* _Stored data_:
• • • • • • •

theorem mainTheorem3:
  fixes A :: "real^'d^'d" and u :: "real^'d::finite" and \<gamma> :: real and i0 :: "'n::finite"
  assumes n2: "CARD('n) \<ge> 2"
    and eig: "A *v u = \<gamma> *\<^sub>R u"
    and unit: "norm u = 1"
  shows
    "(\<gamma> \<ge> 0 \<longrightarrow>
      (\<forall>R>0. let X = (\<chi> i. if i = i0 then u else (1/2) *\<^sub>R u) :: real^'d^'n;
                  f = self_attention A (mat 1)
              in f differentiable (at (R *\<^sub>R X)) \<and>
                 onorm (frechet_derivative f (at (R *\<^sub>R X))) \<ge>
                   sqrt (real CARD('n) - 1) /
                     (1 + (real CARD('n) - 1) * exp (- (R\<^sup>2 * \<gamma> / 4)))))
   \<and>
    (\<gamma> < 0 \<longrightarrow>
      (\<forall>R>0. let X = (\<chi> i. if i = i0 then u else - u) :: real^'d^'n;
                  f = self_attention A (mat 1)
              in f differentiable (at (R *\<^sub>R X)) \<and>
                 onorm (frechet_derivative f (at (R *\<^sub>R X))) \<ge>
                   sqrt (real CARD('n) - 1) /
                     (1 + (real CARD('n) - 1) * exp (- (2 * R\<^sup>2 * \<bar>\<gamma>\<bar>)))))"
  apply (intro conjI impI allI; unfold Let_def; intro conjI differentiable_self_attention)
  subgoal premises sign for R
  proof -
    have "\<gamma> * R\<^sup>2 * (1/2) * (1/2 - 1) = - (R\<^sup>2 * \<gamma> / 4)"
      by (simp add: field_simps)
    moreover have "(\<chi> k. if k = i0 then 1 *\<^sub>R u else (1/2) *\<^sub>R u) =
                   ((\<chi> i. if i = i0 then u else (1/2) *\<^sub>R u) :: real^'d^'n)"
      by (simp add: vec_eq_iff)
    ultimately show ?thesis
      using onorm_derivative_self_attention_collinear_ge[OF n2 eig unit, where a = 1 and b = "1/2" and j = i0 and R = R] sign
      by (simp add: mult_ac)
  qed
  subgoal premises sign for R
  proof -
    have "\<gamma> * R\<^sup>2 * (-1) * (-1 - 1) = - (2 * R\<^sup>2 * \<bar>\<gamma>\<bar>)"
      using sign by simp
    moreover have "(\<chi> k. if k = i0 then 1 *\<^sub>R u else (-1) *\<^sub>R u) =
                   ((\<chi> i. if i = i0 then u else - u) :: real^'d^'n)"
      by (simp add: vec_eq_iff)
    ultimately show ?thesis
      using onorm_derivative_self_attention_collinear_ge[OF n2 eig unit, where a = 1 and b = "-1" and j = i0 and R = R] sign
      by (simp add: mult_ac)
  qed
  done
definition parallel_weight_on :: "nat set \<Rightarrow> (nat \<Rightarrow> int) \<Rightarrow> int \<Rightarrow> bool" where
  "parallel_weight_on I f k \<longleftrightarrow> (\<forall>i\<in>I. f i = k)"

text \<open>The bracket <F_1,...,F_{m+1}>_1: determinant of the (m+1)x(m+1) matrix whose first row is
  r_j F_j and whose (k+1)-th row is dF_j/dz_k (rows/columns 0-indexed here, column j for F_{j+1}).\<close>
definition bracket ::
  "nat \<Rightarrow> (nat \<Rightarrow> int) \<Rightarrow> (nat \<Rightarrow> (nat \<Rightarrow> complex) \<Rightarrow> complex) \<Rightarrow> (nat \<Rightarrow> complex) \<Rightarrow> complex" where
  "bracket m r F z = det (mat (m + 1) (m + 1) (\<lambda>(k, j).
      if k = 0 then of_int (r (j + 1)) * F (j + 1) z else partial_z k (F (j + 1)) z))"

end

theory Submission
  imports Defs "HOL-Complex_Analysis.Complex_Analysis"
begin

(* Let gamma = (a b; c d) in SL_2(O_K) and e_k = sigma_k(c) z_k + sigma_k(d).  Since K is
   totally real, each sigma_k(gamma) lies in SL_2(R), so gamma acts on H^n and e_k <> 0.
   If F_j transforms with the automorphy factor J_j and has weight r_j in z_k, differentiating
   F_j(gamma z) = J_j(z) F_j(z) in z_k gives
     dF_j/dz_k (gamma z) = J_j(z) (r_j sigma_k(c) e_k F_j(z) + e_k^2 dF_j/dz_k (z)).
   Hence the bracket matrix at gamma z is L M(z) diag(J_j(z)) with L lower triangular with
   diagonal (1, e_1^2, ..., e_m^2): the extra terms are multiples of the first row (r_j F_j)_j.
   Taking determinants, the bracket transforms with the product of the J_j times
   e_1^2 ... e_m^2.
   Holomorphy of the bracket reduces to holomorphy of partial derivatives on H^n, which follows
   from Cauchy's formula for the derivative on small circles: it gives continuity by a uniform
   estimate, and holomorphy in the other variables after exchanging two circle integrals. *)

section \<open>Holomorphic functions on the product of upper half planes\<close>

abbreviation upper_half_plane :: "complex set" where
  "upper_half_plane \<equiv> {w. 0 < Im w}"

lemma open_upper_half_plane: "open upper_half_plane"
  by (simp add: open_halfspace_Im_gt)

lemma upper_half_space_upd:
  "z \<in> upper_half_space n \<Longrightarrow> i \<in> {1..n} \<Longrightarrow> 0 < Im w \<Longrightarrow> z(i := w) \<in> upper_half_space n"
  by (auto simp: upper_half_space_def)

lemma Im_upper_half_space_pos: "z \<in> upper_half_space n \<Longrightarrow> i \<in> {1..n} \<Longrightarrow> 0 < Im (z i)"
  by (auto simp: upper_half_space_def)

lemma cball_subset_shifted_half_plane:
  assumes "r < Im x" shows "cball 0 r \<subseteq> {t. - Im x < Im t}"
proof
  fix t :: complex assume "t \<in> cball 0 r"
  then show "t \<in> {t. - Im x < Im t}" using abs_Im_le_cmod[of t] assms by auto
qed

lemma Im_gt_if_cmod_diff_lt: "cmod (w - z) < Im z - r \<Longrightarrow> r < Im w"
  using abs_Im_le_cmod[of "w - z"] by (simp add: abs_le_iff)

definition continuous_on_Hn :: "nat \<Rightarrow> ((nat \<Rightarrow> complex) \<Rightarrow> complex) \<Rightarrow> bool" where
  "continuous_on_Hn n G \<longleftrightarrow> (\<forall>z\<in>upper_half_space n. \<forall>\<epsilon>>0. \<exists>\<delta>>0. \<forall>w\<in>upper_half_space n.
     (\<forall>i\<in>{1..n}. cmod (w i - z i) < \<delta>) \<longrightarrow> cmod (G w - G z) < \<epsilon>)"

definition separately_holomorphic_on_Hn :: "nat \<Rightarrow> ((nat \<Rightarrow> complex) \<Rightarrow> complex) \<Rightarrow> bool" where
  "separately_holomorphic_on_Hn n G \<longleftrightarrow>
     (\<forall>z\<in>upper_half_space n. \<forall>i\<in>{1..n}. (\<lambda>w. G (z(i := w))) holomorphic_on upper_half_plane)"

lemma separately_holomorphic_on_Hn_iff_differentiable:
  "separately_holomorphic_on_Hn n G \<longleftrightarrow>
     (\<forall>z\<in>upper_half_space n. \<forall>i\<in>{1..n}. (\<lambda>w. G (z(i := w))) field_differentiable at (z i))"
proof
  assume "separately_holomorphic_on_Hn n G"
  then show "\<forall>z\<in>upper_half_space n. \<forall>i\<in>{1..n}. (\<lambda>w. G (z(i := w))) field_differentiable at (z i)"
    using holomorphic_on_imp_differentiable_at[OF _ open_upper_half_plane] Im_upper_half_space_pos
    unfolding separately_holomorphic_on_Hn_def by blast
next
  assume H: "\<forall>z\<in>upper_half_space n. \<forall>i\<in>{1..n}. (\<lambda>w. G (z(i := w))) field_differentiable at (z i)"
  have "(\<lambda>u. G (z(i := u))) field_differentiable at w within upper_half_plane"
    if "z \<in> upper_half_space n" "i \<in> {1..n}" "w \<in> upper_half_plane" for z i w
    using H upper_half_space_upd[OF that(1,2), of w] that(2,3)
    by (fastforce intro: field_differentiable_at_within)
  then show "separately_holomorphic_on_Hn n G"
    unfolding separately_holomorphic_on_Hn_def holomorphic_on_def by blast
qed

lemma holomorphic_on_Hn_iff:
  "holomorphic_on_Hn n G \<longleftrightarrow> continuous_on_Hn n G \<and> separately_holomorphic_on_Hn n G"
  unfolding holomorphic_on_Hn_def continuous_on_Hn_def
    separately_holomorphic_on_Hn_iff_differentiable ..

definition Hn_nhds :: "nat \<Rightarrow> (nat \<Rightarrow> complex) \<Rightarrow> (nat \<Rightarrow> complex) filter" where
  "Hn_nhds n z = (INF d\<in>{0<..}. principal {w\<in>upper_half_space n. \<forall>i\<in>{1..n}. cmod (w i - z i) < d})"

lemma eventually_Hn_nhds:
  "eventually P (Hn_nhds n z) \<longleftrightarrow>
     (\<exists>d>0. \<forall>w\<in>upper_half_space n. (\<forall>i\<in>{1..n}. cmod (w i - z i) < d) \<longrightarrow> P w)"
proof -
  define B where "B d = {w \<in> upper_half_space n. \<forall>i\<in>{1..n}. cmod (w i - z i) < d}" for d :: real
  have "B (min a b) \<subseteq> B a \<inter> B b" for a b by (auto simp: B_def)
  then have "eventually P (INF d\<in>{0<..}. principal (B d)) \<longleftrightarrow>
      (\<exists>d\<in>{0<..}. eventually P (principal (B d)))"
    by (intro eventually_INF_base) (auto intro!: bexI[where x = "min _ _"])
  then show ?thesis unfolding Hn_nhds_def B_def eventually_principal by fastforce
qed

lemma continuous_on_Hn_iff_tendsto:
  "continuous_on_Hn n G \<longleftrightarrow> (\<forall>z\<in>upper_half_space n. (G \<longlongrightarrow> G z) (Hn_nhds n z))"
  unfolding continuous_on_Hn_def tendsto_iff eventually_Hn_nhds dist_norm by auto

lemma continuous_on_compose_Hn:
  assumes "continuous_on_Hn n G" and "\<And>p. p \<in> S \<Longrightarrow> \<Phi> p \<in> upper_half_space n"
    and "\<And>i. i \<in> {1..n} \<Longrightarrow> continuous_on S (\<lambda>p. \<Phi> p i)"
  shows "continuous_on S (\<lambda>p. G (\<Phi> p))"
  unfolding continuous_on_def tendsto_iff
proof (intro ballI allI impI)
  fix p and e :: real assume p: "p \<in> S" and e: "0 < e"
  obtain d where "d > 0" and d: "\<And>w. w \<in> upper_half_space n \<Longrightarrow>
      (\<forall>i\<in>{1..n}. cmod (w i - \<Phi> p i) < d) \<Longrightarrow> cmod (G w - G (\<Phi> p)) < e"
    using assms(1) assms(2)[OF p] e unfolding continuous_on_Hn_def by meson
  have "\<forall>i\<in>{1..n}. eventually (\<lambda>x. dist (\<Phi> x i) (\<Phi> p i) < d) (at p within S)"
    using assms(3) p \<open>d > 0\<close> unfolding continuous_on_def tendsto_iff by blast
  then have "eventually (\<lambda>x. \<forall>i\<in>{1..n}. dist (\<Phi> x i) (\<Phi> p i) < d) (at p within S)"
    by (intro eventually_ball_finite) auto
  moreover have "eventually (\<lambda>x. x \<in> S) (at p within S)"
    by (simp add: eventually_at_filter)
  ultimately show "eventually (\<lambda>x. dist (G (\<Phi> x)) (G (\<Phi> p)) < e) (at p within S)"
    by eventually_elim (use d assms(2) in \<open>auto simp: dist_norm\<close>)
qed

lemma continuous_on_Hn_cmult:
  "continuous_on_Hn n G \<Longrightarrow> continuous_on_Hn n (\<lambda>z. c * G z)"
  unfolding continuous_on_Hn_iff_tendsto by (auto intro!: tendsto_intros)

lemma holomorphic_on_Hn_cmult:
  assumes "holomorphic_on_Hn n G"
  shows "holomorphic_on_Hn n (\<lambda>z. c * G z)"
  using assms continuous_on_Hn_cmult
  unfolding holomorphic_on_Hn_iff separately_holomorphic_on_Hn_def
  by (auto intro!: holomorphic_intros)

section \<open>Partial derivatives\<close>

lemma has_field_derivative_partial_z:
  assumes "holomorphic_on_Hn n F" "z \<in> upper_half_space n" "k \<in> {1..n}"
  shows "((\<lambda>w. F (z(k := w))) has_field_derivative partial_z k F z) (at (z k))"
  using assms unfolding holomorphic_on_Hn_def partial_z_def
  by (simp add: DERIV_deriv_iff_field_differentiable)

lemma holomorphic_on_shifted_slice:
  assumes "holomorphic_on_Hn n F" "z \<in> upper_half_space n" "k \<in> {1..n}"
  shows "(\<lambda>t. F (z(k := z k + t))) holomorphic_on {t. - Im (z k) < Im t}"
proof -
  have "(\<lambda>w. F (z(k := w))) holomorphic_on upper_half_plane"
    using assms by (auto simp: holomorphic_on_Hn_iff separately_holomorphic_on_Hn_def)
  then have "((\<lambda>w. F (z(k := w))) \<circ> (\<lambda>t. z k + t)) holomorphic_on {t. - Im (z k) < Im t}"
    by (intro holomorphic_on_compose_gen[where t = upper_half_plane] holomorphic_intros) auto
  then show ?thesis by (simp add: o_def)
qed

lemma partial_z_has_contour_integral:
  assumes F: "holomorphic_on_Hn n F" and z: "z \<in> upper_half_space n" and k: "k \<in> {1..n}"
    and r: "0 < r" "r < Im (z k)"
  shows "((\<lambda>t. F (z(k := z k + t)) / t^2) has_contour_integral
           (2 * of_real pi * \<i> * partial_z k F z)) (circlepath 0 r)"
proof -
  define g where "g = (\<lambda>t. F (z(k := z k + t)))"
  have "g holomorphic_on cball 0 r"
    using holomorphic_on_shifted_slice[OF F z k] cball_subset_shifted_half_plane[OF r(2)]
    unfolding g_def by (rule holomorphic_on_subset)
  then have cont: "continuous_on (cball 0 r) g" and hol: "g holomorphic_on ball 0 r"
    using holomorphic_on_imp_continuous_on holomorphic_on_subset ball_subset_cball by blast+
  note Cauchy = Cauchy_derivative_integral_circlepath[OF cont hol, of 0]
  have "((\<lambda>t. F (z(k := t))) has_field_derivative partial_z k F z) (at (0 + z k))"
    using has_field_derivative_partial_z[OF F z k] by simp
  then have "(g has_field_derivative partial_z k F z) (at 0)"
    unfolding DERIV_shift g_def by (simp add: add.commute)
  then have "contour_integral (circlepath 0 r) (\<lambda>t. g t / t^2) = 2 * of_real pi * \<i> * partial_z k F z"
    using DERIV_unique Cauchy(2) r by fastforce
  then show ?thesis
    using has_contour_integral_integral[OF Cauchy(1)] r unfolding g_def by simp
qed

• • • • • • •

* _What needs to be done_: Going through the entries, return every line holding the word "else".

* _Solved problem_:
      (\<forall>R>0. let X = (\<chi> i. if i = i0 then u else (1/2) *\<^sub>R u) :: real^'d^'n;
      (\<forall>R>0. let X = (\<chi> i. if i = i0 then u else - u) :: real^'d^'n;
    moreover have "(\<chi> k. if k = i0 then 1 *\<^sub>R u else (1/2) *\<^sub>R u) =
                   ((\<chi> i. if i = i0 then u else (1/2) *\<^sub>R u) :: real^'d^'n)"
    moreover have "(\<chi> k. if k = i0 then 1 *\<^sub>R u else (-1) *\<^sub>R u) =
                   ((\<chi> i. if i = i0 then u else - u) :: real^'d^'n)"
      if k = 0 then of_int (r (j + 1)) * F (j + 1) z else partial_z k (F (j + 1)) z))"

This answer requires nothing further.